◆ What to produce
The response must consist of each line in the listing that has the word "metis" in it.

◆ Data to examine
(* Let $f:\mathbb{F}_q^k\to\mathrm{Im}(f)$ with $|\mathrm{Im}(f)|\ge2$ be $d_d$-locally binary, where $d_d\ge1$, and suppose there exists a linear MDS $[n,k,d_d]$ code over $\mathbb{F}_q$ (so $d_d=n-k+1$). Then $r_f(k:d_d,d_d+1)=d_d$.
   Context: $d(\cdot,\cdot)$ is Hamming distance. $B_f(u,\rho)=\{f(u'):d(u,u')\le\rho\}$; $f$ is $\rho$-locally binary if $|B_f(u,\rho)|\le2$ for all $u$. For integers $0\le d_d\le d_f$, an $(f\!:d_d,d_f)$-FCC with redundancy $r$ is a systematic encoding $\mathfrak{C}_f(u)=(u,p_u)\in\mathbb{F}_q^{k+r}$ with $d(\mathfrak{C}_f(u_1),\mathfrak{C}_f(u_2))\ge d_d$ whenever $u_1\ne u_2$ and $\ge d_f$ whenever $f(u_1)\ne f(u_2)$; $r_f(k:d_d,d_f)$ is the minimum such $r$. *)

theory Defs
  imports Main
begin

definition vecs :: "nat \<Rightarrow> 'a list set" where
  "vecs m = {x. length x = m}"

definition hamming :: "'a list \<Rightarrow> 'a list \<Rightarrow> nat" where
  "hamming x y = card {i. i < length x \<and> x ! i \<noteq> y ! i}"

definition ball_img :: "('a list \<Rightarrow> 'b) \<Rightarrow> nat \<Rightarrow> 'a list \<Rightarrow> nat \<Rightarrow> 'b set" where
  "ball_img f k u \<rho> = {f u' | u'. u' \<in> vecs k \<and> hamming u u' \<le> \<rho>}"

definition locally_binary :: "('a list \<Rightarrow> 'b) \<Rightarrow> nat \<Rightarrow> nat \<Rightarrow> bool" where
  "locally_binary f k \<rho> \<longleftrightarrow> (\<forall>u \<in> vecs k. card (ball_img f k u \<rho>) \<le> 2)"

text \<open>Existence of an (f : dd, df)-FCC with redundancy r: systematic encoding u \<mapsto> u @ p u.\<close>
definition is_fcc :: "('a list \<Rightarrow> 'b) \<Rightarrow> nat \<Rightarrow> nat \<Rightarrow> nat \<Rightarrow> nat \<Rightarrow> ('a list \<Rightarrow> 'a list) \<Rightarrow> bool" where
  "is_fcc f k dd df r p \<longleftrightarrow>
     (\<forall>u \<in> vecs k. length (p u) = r) \<and>
     (\<forall>u1 \<in> vecs k. \<forall>u2 \<in> vecs k. u1 \<noteq> u2 \<longrightarrow> hamming (u1 @ p u1) (u2 @ p u2) \<ge> dd) \<and>
     (\<forall>u1 \<in> vecs k. \<forall>u2 \<in> vecs k. f u1 \<noteq> f u2 \<longrightarrow> hamming (u1 @ p u1) (u2 @ p u2) \<ge> df)"

definition min_redundancy :: "('a list \<Rightarrow> 'b) \<Rightarrow> nat \<Rightarrow> nat \<Rightarrow> nat \<Rightarrow> nat" where
  "min_redundancy f k dd df = (LEAST r. \<exists>p. is_fcc f k dd df r p)"

definition linear_code :: "nat \<Rightarrow> ('a::field) list set \<Rightarrow> bool" where
  "linear_code n C \<longleftrightarrow> C \<subseteq> vecs n \<and> replicate n 0 \<in> C \<and>
     (\<forall>x \<in> C. \<forall>y \<in> C. map2 (+) x y \<in> C) \<and>
     (\<forall>c. \<forall>x \<in> C. map ((*) c) x \<in> C)"

definition min_distance :: "'a list set \<Rightarrow> nat" where
  "min_distance C = Min {hamming x y | x y. x \<in> C \<and> y \<in> C \<and> x \<noteq> y}"

text \<open>A linear [n,k,d] code over the finite field 'a: dimension k means q^k codewords.\<close>
definition linear_nkd_code :: "nat \<Rightarrow> nat \<Rightarrow> nat \<Rightarrow> ('a::{finite,field}) list set \<Rightarrow> bool" where
  "linear_nkd_code n k d C \<longleftrightarrow> linear_code n C \<and> card C = card (UNIV :: 'a set) ^ k \<and> min_distance C = d"

definition linear_MDS_code :: "nat \<Rightarrow> nat \<Rightarrow> nat \<Rightarrow> ('a::{finite,field}) list set \<Rightarrow> bool" where
  "linear_MDS_code n k d C \<longleftrightarrow> linear_nkd_code n k d C \<and> d = n - k + 1 \<and> k \<le> n"

end

theory Submission
  imports Defs
begin

text \<open>
  Upper bound: an MDS code is systematic on its first k coordinates, so its last
  n - k = dd - 1 coordinates are a redundancy giving distance dd. Append one bit telling
  whether f u is a canonically chosen element of B_f(u, dd). If f u1 \<noteq> f u2 and
  d(u1, u2) \<le> dd, local binarity forces B_f(u1, dd) = {f u1, f u2} = B_f(u2, dd), so the
  two bits differ and the distance grows to dd + 1; if d(u1, u2) > dd there is nothing to
  show. Lower bound: walking from u to v one coordinate at a time, f changes value between
  two neighbours x, y, and then dd + 1 \<le> d(x, y) + r \<le> 1 + r.
\<close>

lemma hamming_conv_filter:
  "length x = length y \<Longrightarrow> hamming x y = length (filter (\<lambda>(a, b). a \<noteq> b) (zip x y))"
  unfolding hamming_def length_filter_conv_card by (auto intro!: arg_cong[where f = card])

lemma hamming_append:
  "length a = length c \<Longrightarrow> length b = length d \<Longrightarrow>
   hamming (a @ b) (c @ d) = hamming a c + hamming b d"
  by (simp add: hamming_conv_filter)

lemma hamming_Cons:
  "length x = length y \<Longrightarrow> hamming (a # x) (b # y) = (if a = b then 0 else 1) + hamming x y"
  by (simp add: hamming_conv_filter)

lemma hamming_self [simp]: "hamming x x = 0"
  by (simp add: hamming_def)

lemma hamming_commute: "length x = length y \<Longrightarrow> hamming x y = hamming y x"
  unfolding hamming_def by metis

lemma hamming_le_length: "hamming x y \<le> length x"
proof -
  have "{i. i < length x \<and> x ! i \<noteq> y ! i} \<subseteq> {..<length x}" by auto
  then show ?thesis unfolding hamming_def by (metis card_lessThan card_mono finite_lessThan)
qed

lemma finite_vecs: "finite (vecs m :: 'a::finite list set)"
  using finite_lists_length_eq[of "UNIV :: 'a set" m] by (simp add: vecs_def)

lemma card_vecs: "card (vecs m :: 'a::finite list set) = card (UNIV :: 'a set) ^ m"
  using card_lists_length_eq[of "UNIV :: 'a set" m] by (simp add: vecs_def)

lemma min_distance_le_hamming:
  assumes "finite C" "x \<in> C" "y \<in> C" "x \<noteq> y"
  shows "min_distance C \<le> hamming x y"
proof -
  have "{hamming x y | x y. x \<in> C \<and> y \<in> C \<and> x \<noteq> y} \<subseteq> (\<lambda>(x, y). hamming x y) ` (C \<times> C)"
    by auto
  then have "finite {hamming x y | x y. x \<in> C \<and> y \<in> C \<and> x \<noteq> y}"
    using assms(1) by (meson finite_SigmaI finite_imageI finite_subset)
  then show ?thesis unfolding min_distance_def by (rule Min_le) (use assms in blast)
qed

lemma exists_adjacent_with_different_values:
  "length v = length w \<Longrightarrow> f v \<noteq> f w \<Longrightarrow>
   \<exists>x y. length x = length v \<and> length y = length v \<and> hamming x y \<le> 1 \<and> f x \<noteq> f y"
proof (induction v w arbitrary: f rule: list_induct2)
  case Nil
  then show ?case by simp
next
  case (Cons a v b w)
  show ?case
  proof (cases "f (a # v) = f (a # w)")
    case True
    with Cons.prems have "f (a # w) \<noteq> f (b # w)" by simp
    then show ?thesis
      by (intro exI[of _ "a # w"] exI[of _ "b # w"]) (simp add: hamming_Cons Cons.hyps)
  next
    case False
    then obtain x y where "length x = length v" "length y = length v" "hamming x y \<le> 1"
        "f (a # x) \<noteq> f (a # y)"
      using Cons.IH[of "\<lambda>z. f (a # z)"] by blast
    then show ?thesis
      by (intro exI[of _ "a # x"] exI[of _ "a # y"]) (simp add: hamming_Cons)
  qed
qed

lemma is_fcc_redundancy_ge:
  assumes "is_fcc f k dd df r p" "u \<in> vecs k" "v \<in> vecs k" "f u \<noteq> f v"
  shows "df \<le> r + 1"
proof -
  obtain x y where xy: "x \<in> vecs k" "y \<in> vecs k" "hamming x y \<le> 1" "f x \<noteq> f y"
    using exists_adjacent_with_different_values[of u v f] assms(2-4) by (auto simp: vecs_def)
  with assms(1) have len: "length (p x) = r" by (simp add: is_fcc_def)
  from xy assms(1) have "df \<le> hamming (x @ p x) (y @ p y)" by (simp add: is_fcc_def)
  also have "hamming (x @ p x) (y @ p y) = hamming x y + hamming (p x) (p y)"
    using xy assms(1) by (intro hamming_append) (auto simp: is_fcc_def vecs_def)
  finally show ?thesis using xy(3) hamming_le_length[of "p x" "p y"] len by linarith
qed

lemma bij_betw_take_if_distance_gt:
  fixes C :: "'a::finite list set"
  assumes "C \<subseteq> vecs n" "card C = card (vecs k :: 'a list set)" "k \<le> n"
    and dist: "\<And>c1 c2. c1 \<in> C \<Longrightarrow> c2 \<in> C \<Longrightarrow> c1 \<noteq> c2 \<Longrightarrow> n - k < hamming c1 c2"
  shows "bij_betw (take k) C (vecs k)"
proof -
  have inj: "inj_on (take k) C"
  proof (rule inj_onI, rule ccontr)
    fix c1 c2 assume c: "c1 \<in> C" "c2 \<in> C" "take k c1 = take k c2" "c1 \<noteq> c2"
    then have len: "length c1 = n" "length c2 = n" using assms(1) by (auto simp: vecs_def)
    have "hamming c1 c2 = hamming (take k c1 @ drop k c1) (take k c2 @ drop k c2)" by simp
    also have "\<dots> = hamming (drop k c1) (drop k c2)"
      using c len by (subst hamming_append) auto
    also have "\<dots> \<le> n - k"
      using len hamming_le_length[of "drop k c1"] by simp
    finally show False using dist[OF c(1,2,4)] by simp
  qed
  moreover have "take k ` C = vecs k"
  proof (rule card_subset_eq)
    show "finite (vecs k :: 'a list set)" by (rule finite_vecs)
    show "take k ` C \<subseteq> vecs k" using assms(1,3) by (auto simp: vecs_def)
    show "card (take k ` C) = card (vecs k :: 'a list set)" using card_image[OF inj] assms(2) by simp
  qed
  ultimately show ?thesis by (simp add: bij_betw_def)
qed

lemma is_fcc_of_linear_MDS_code:
  fixes C :: "'a::{finite,field} list set"
  assumes "linear_MDS_code n k d C"
  shows "is_fcc f k d d (n - k) (\<lambda>u. drop k (inv_into C (take k) u))"
proof -
  have C: "C \<subseteq> vecs n" "card C = card (vecs k :: 'a list set)" "k \<le> n" "d = n - k + 1"
    and md: "min_distance C = d"
    using assms by (auto simp: linear_MDS_code_def linear_nkd_code_def linear_code_def card_vecs)
  have fin: "finite C" using C(1) finite_subset finite_vecs by blast
  have dist: "d \<le> hamming c1 c2" if "c1 \<in> C" "c2 \<in> C" "c1 \<noteq> c2" for c1 c2
    using min_distance_le_hamming[OF fin that] md by simp
  have bij: "bij_betw (take k) C (vecs k)"
    by (rule bij_betw_take_if_distance_gt[OF C(1-3)]) (use dist C(4) in force)
  define cw where "cw = inv_into C (take k)"
  have cw: "cw u \<in> C" "take k (cw u) = u" if "u \<in> vecs k" for u
    using that bij bij_betw_inv_into_right[OF bij that]
    by (auto simp: cw_def bij_betw_def intro: inv_into_into)
  have systematic: "u @ drop k (cw u) = cw u" if "u \<in> vecs k" for u
    using cw(2)[OF that] append_take_drop_id[of k "cw u"] by simp
  have "length (drop k (cw u)) = n - k" if "u \<in> vecs k" for u
    using cw(1)[OF that] C(1) by (auto simp: vecs_def)
  moreover have "d \<le> hamming (u1 @ drop k (cw u1)) (u2 @ drop k (cw u2))"
    if "u1 \<in> vecs k" "u2 \<in> vecs k" "u1 \<noteq> u2" for u1 u2
  proof -
    have "cw u1 \<noteq> cw u2" using cw(2) that by metis
    then show ?thesis using dist cw(1) that by (simp add: systematic)
  qed
  ultimately show ?thesis unfolding is_fcc_def cw_def by blast
qed

text \<open>For close u1, u2 with f u1 \<noteq> f u2 the balls coincide, so SOME picks the same value
  for both and exactly one of them gets the bit 1.\<close>
definition ball_bit :: "('a list \<Rightarrow> 'b) \<Rightarrow> nat \<Rightarrow> nat \<Rightarrow> 'a list \<Rightarrow> 'c::zero_neq_one" where
  "ball_bit f k \<rho> u = (if f u = (SOME y. y \<in> ball_img f k u \<rho>) then 1 else 0)"

lemma ball_img_eq_if_locally_binary:
  fixes f :: "'a::finite list \<Rightarrow> 'b"
  assumes "locally_binary f k \<rho>" "u \<in> vecs k" "v \<in> vecs k" "hamming u v \<le> \<rho>" "f u \<noteq> f v"
  shows "ball_img f k u \<rho> = {f u, f v}"
proof (rule sym, rule card_seteq)
  show "finite (ball_img f k u \<rho>)"
    by (rule finite_subset[OF _ finite_imageI[OF finite_vecs, of f k]]) (auto simp: ball_img_def)
  show "{f u, f v} \<subseteq> ball_img f k u \<rho>"
    using assms(2-4) unfolding ball_img_def by force
  have "card (ball_img f k u \<rho>) \<le> 2" using assms(1,2) by (simp add: locally_binary_def)
  then show "card (ball_img f k u \<rho>) \<le> card {f u, f v}" using assms(5) by simp
qed

lemma ball_bit_neq:
  fixes f :: "'a::finite list \<Rightarrow> 'b"
  assumes "locally_binary f k \<rho>" "u \<in> vecs k" "v \<in> vecs k" "hamming u v \<le> \<rho>" "f u \<noteq> f v"
  shows "(ball_bit f k \<rho> u :: 'c::zero_neq_one) \<noteq> ball_bit f k \<rho> v"
proof -
  have "hamming v u \<le> \<rho>" using assms(2-4) hamming_commute[of u v] by (simp add: vecs_def)
  then have balls: "ball_img f k u \<rho> = {f u, f v}" "ball_img f k v \<rho> = {f u, f v}"
    using ball_img_eq_if_locally_binary[OF assms(1)] assms(2-5) by (auto simp: insert_commute)
  have "(SOME y. y \<in> {f u, f v}) \<in> {f u, f v}" by (rule someI[of _ "f u"]) simp
  then show ?thesis using assms(5) by (auto simp: ball_bit_def balls)
qed

lemma is_fcc_append_ball_bit:
  fixes f :: "'a::{finite,zero_neq_one} list \<Rightarrow> 'b"
  assumes fcc: "is_fcc f k d d r p" and lb: "locally_binary f k d"
  shows "is_fcc f k d (d + 1) (r + 1) (\<lambda>u. p u @ [ball_bit f k d u])"
proof -
  have split: "hamming (u1 @ p u1 @ [ball_bit f k d u1]) (u2 @ p u2 @ [ball_bit f k d u2])
      = hamming (u1 @ p u1) (u2 @ p u2) + hamming [ball_bit f k d u1] [ball_bit f k d u2 :: 'a]"
    if "u1 \<in> vecs k" "u2 \<in> vecs k" for u1 u2
    using that fcc hamming_append[of "u1 @ p u1" "u2 @ p u2"] by (simp add: is_fcc_def vecs_def)
  have sys: "hamming u1 u2 \<le> hamming (u1 @ p u1) (u2 @ p u2)"
    if "u1 \<in> vecs k" "u2 \<in> vecs k" for u1 u2
    using that fcc hamming_append[of u1 u2] by (simp add: is_fcc_def vecs_def)
  have "d + 1 \<le> hamming (u1 @ p u1 @ [ball_bit f k d u1]) (u2 @ p u2 @ [ball_bit f k d u2])"
    if u: "u1 \<in> vecs k" "u2 \<in> vecs k" and fu: "f u1 \<noteq> f u2" for u1 u2
  proof (cases "hamming u1 u2 \<le> d")
    case True
    then have "hamming [ball_bit f k d u1] [ball_bit f k d u2 :: 'a] = 1"
      using ball_bit_neq[OF lb u True fu] by (simp add: hamming_Cons)
    moreover have "u1 \<noteq> u2" using fu by blast
    ultimately show ?thesis using split[OF u] fcc u by (simp add: is_fcc_def)
  next
    case False
    then show ?thesis using split[OF u] sys[OF u] by simp
  qed
  moreover have "d \<le> hamming (u1 @ p u1 @ [ball_bit f k d u1]) (u2 @ p u2 @ [ball_bit f k d u2])"
    if u: "u1 \<in> vecs k" "u2 \<in> vecs k" and "u1 \<noteq> u2" for u1 u2
  proof -
    have "d \<le> hamming (u1 @ p u1) (u2 @ p u2)" using fcc u that by (simp add: is_fcc_def)
    then show ?thesis using split[OF u] by simp
  qed
  ultimately show ?thesis using fcc by (simp add: is_fcc_def)
qed

theorem corollary10:
  fixes f :: "('a::{finite,field}) list \<Rightarrow> 'b"
    and k dd n :: nat
  assumes "card (f ` vecs k) \<ge> 2"
    and "dd \<ge> 1"
    and "locally_binary f k dd"
    and "\<exists>C :: 'a list set. linear_MDS_code n k dd C"
  shows "min_redundancy f k dd (dd + 1) = dd"
proof -
  obtain C :: "'a list set" where C: "linear_MDS_code n k dd C" using assms(4) by blast
  then have "dd = n - k + 1" by (simp add: linear_MDS_code_def)
  then have upper: "is_fcc f k dd (dd + 1) dd
      (\<lambda>u. drop k (inv_into C (take k) u) @ [ball_bit f k dd u])"
    using is_fcc_append_ball_bit[OF is_fcc_of_linear_MDS_code[OF C] assms(3)] by simp
  have "\<not> card (f ` vecs k) \<le> Suc 0" using assms(1) by simp
  then obtain u v where uv: "u \<in> vecs k" "v \<in> vecs k" "f u \<noteq> f v"
    using card_le_Suc0_iff_eq[OF finite_imageI[OF finite_vecs]] by blast
  have "dd \<le> r" if "is_fcc f k dd (dd + 1) r p" for r p
    using is_fcc_redundancy_ge[OF that uv] by simp
  then show ?thesis unfolding min_redundancy_def
    by (intro Least_equality) (use upper in auto)
qed

end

◆ Exercise answer
  unfolding hamming_def by metis
  then show ?thesis unfolding hamming_def by (metis card_lessThan card_mono finite_lessThan)
    have "cw u1 \<noteq> cw u2" using cw(2) that by metis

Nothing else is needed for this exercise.